ECONOMY

Varoufakis says ECB policy on Greece ‘asphyxiating’

The European Central Bank is pursuing a restrictive policy on Greece to pressure Athens and its official lenders to agree to a path that will lead the country out of its crisis, Greece’s finance minister said on Thursday.

“The ECB in my opinion is pursuing a policy that can be considered asphyxiating toward our government,” Greek Finance Minister Yanis Varoufakis told Greece’s Mega TV in an interview.

The ECB has refused to give Athens any leeway to issue short-term debt to meet its funding needs amid a cash crunch as leftover bailout funds remain on hold.

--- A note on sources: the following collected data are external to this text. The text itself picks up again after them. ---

lemma cap_triangle_beyond_tangent:
  assumes "norm u = 1" "r \<le> d" "x \<in> cap_triangle c r d u"
  shows "r \<le> (x - c) \<bullet> u"
proof -
  have "cap_triangle c r d u \<subseteq> {x. r + u \<bullet> c \<le> u \<bullet> x}"
    unfolding cap_triangle_def Let_def
    using assms(1,2) by (intro hull_minimal convex_halfspace_ge)
      (auto simp: inner_add_right inner_diff_right inner_commute[of u "rot90 u"] dot_square_norm)
  then show ?thesis using assms(3) by (auto simp: inner_commute[of _ u] inner_diff_right)
qed

lemma cap_triangle_disjoint_ball:
  assumes "norm u = 1" "r \<le> d"
  shows "cap_triangle c r d u \<inter> ball c r = {}"
proof -
  have "(x - c) \<bullet> u < r" if "x \<in> ball c r" for x
    using norm_cauchy_schwarz[of "x - c" u] that assms(1)
    by (simp add: dist_norm norm_minus_commute)
  then show ?thesis using cap_triangle_beyond_tangent[OF assms] by fastforce
qed

lemma cap_triangle_wedge:
  assumes "norm u = 1" "norm w \<le> 1" "w \<bullet> u < 0" "0 < r" "r < d" "x \<in> cap_triangle c r d u"
  shows "(x - c) \<bullet> w < (x - c) \<bullet> u"
proof -
  define s where "s = 0.8 * r * (d - r) / (d - 0.6 * r)"
  have "0.8 * r * (d - r) < r * (d - 0.6 * r)"
    using assms(4,5) mult_strict_left_mono[of "0.8 * (d - r)" "d - 0.6 * r" r] by (simp add: mult_ac)
  then have s: "0 \<le> s" "s < r" using assms(4,5) by (simp_all add: s_def pos_divide_less_eq)
  have vertex: "(w - u) \<bullet> (c + a *\<^sub>R u + b *\<^sub>R rot90 u) < (w - u) \<bullet> c"
    if "0 < a" "\<bar>b\<bar> \<le> a" for a b
  proof -
    have "\<bar>rot90 u \<bullet> w\<bar> \<le> 1"
      using Cauchy_Schwarz_ineq2[of "rot90 u" w] assms(1,2) by simp
    from mult_mono[OF that(2) this] have "\<bar>b * (rot90 u \<bullet> w)\<bar> \<le> a"
      using that(1) by (simp add: abs_mult)
    then have "b * (rot90 u \<bullet> w) \<le> a" by (simp add: abs_le_iff)
    moreover have "a * (u \<bullet> w) < 0" using that assms(3) by (simp add: inner_commute mult_pos_neg)
    ultimately have "(a *\<^sub>R u + b *\<^sub>R rot90 u) \<bullet> (w - u) < 0"
      using assms(1) by (simp add: inner_diff_right inner_add_left dot_square_norm inner_commute[of "rot90 u"])
    moreover have "(w - u) \<bullet> (c + a *\<^sub>R u + b *\<^sub>R rot90 u)
        = (w - u) \<bullet> c + (a *\<^sub>R u + b *\<^sub>R rot90 u) \<bullet> (w - u)"
      unfolding add.assoc inner_add_right[of "w - u" c] inner_commute[of "w - u" "a *\<^sub>R u + b *\<^sub>R rot90 u"] ..
    ultimately show ?thesis by linarith
  qed
  have "cap_triangle c r d u \<subseteq> {x. (w - u) \<bullet> x < (w - u) \<bullet> c}"
    unfolding cap_triangle_def Let_def s_def[symmetric]
  proof (intro hull_minimal convex_halfspace_lt)
    show "{c + d *\<^sub>R u, c + r *\<^sub>R u + s *\<^sub>R rot90 u, c + r *\<^sub>R u - s *\<^sub>R rot90 u}
        \<subseteq> {x. (w - u) \<bullet> x < (w - u) \<bullet> c}"
      using vertex[of d 0] vertex[of r s] vertex[of r "- s"] assms(4,5) s
      by auto
  qed
  then show ?thesis using assms(6) by (auto simp: inner_diff_left inner_diff_right inner_commute)
qed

Varoufakis said the ECB’s stance is also aimed at Greece’s eurozone partners and the International Monetary Fund funding its bailout, as a way to also force them to find a solution with Athens.

Asked about his relationship with his German counterpart, Wolfgang Schaeuble, the minister said: “Mr. Schaeuble has told me I have lost the trust of the German government. I have told him that I never had it. I have the trust of the Greek people.”

Schaeuble has said that no aid would be handed to Greece until international lenders had agreed that it had delivered on its reform commitments.

Varoufakis said he is aware that his presence in the Eurogroup meetings has irked many finance ministers who had been used to dealing with a Greek government that ruled with directives via e-mails and faxes.

“Suddenly they realized that the Greek finance minister will be a problem for them, to the extent that he demands the right to have the Greek people’s view heard,” he said, calling it an educational process for his colleagues to bring politics back to the Eurogroup.

“The depoliticisation of economic policy at the Eurogroup has led Europe to deflation, with its people stating in Eurobarometer polls that they do not trust the European Union’s institutions,” Varoufakis said.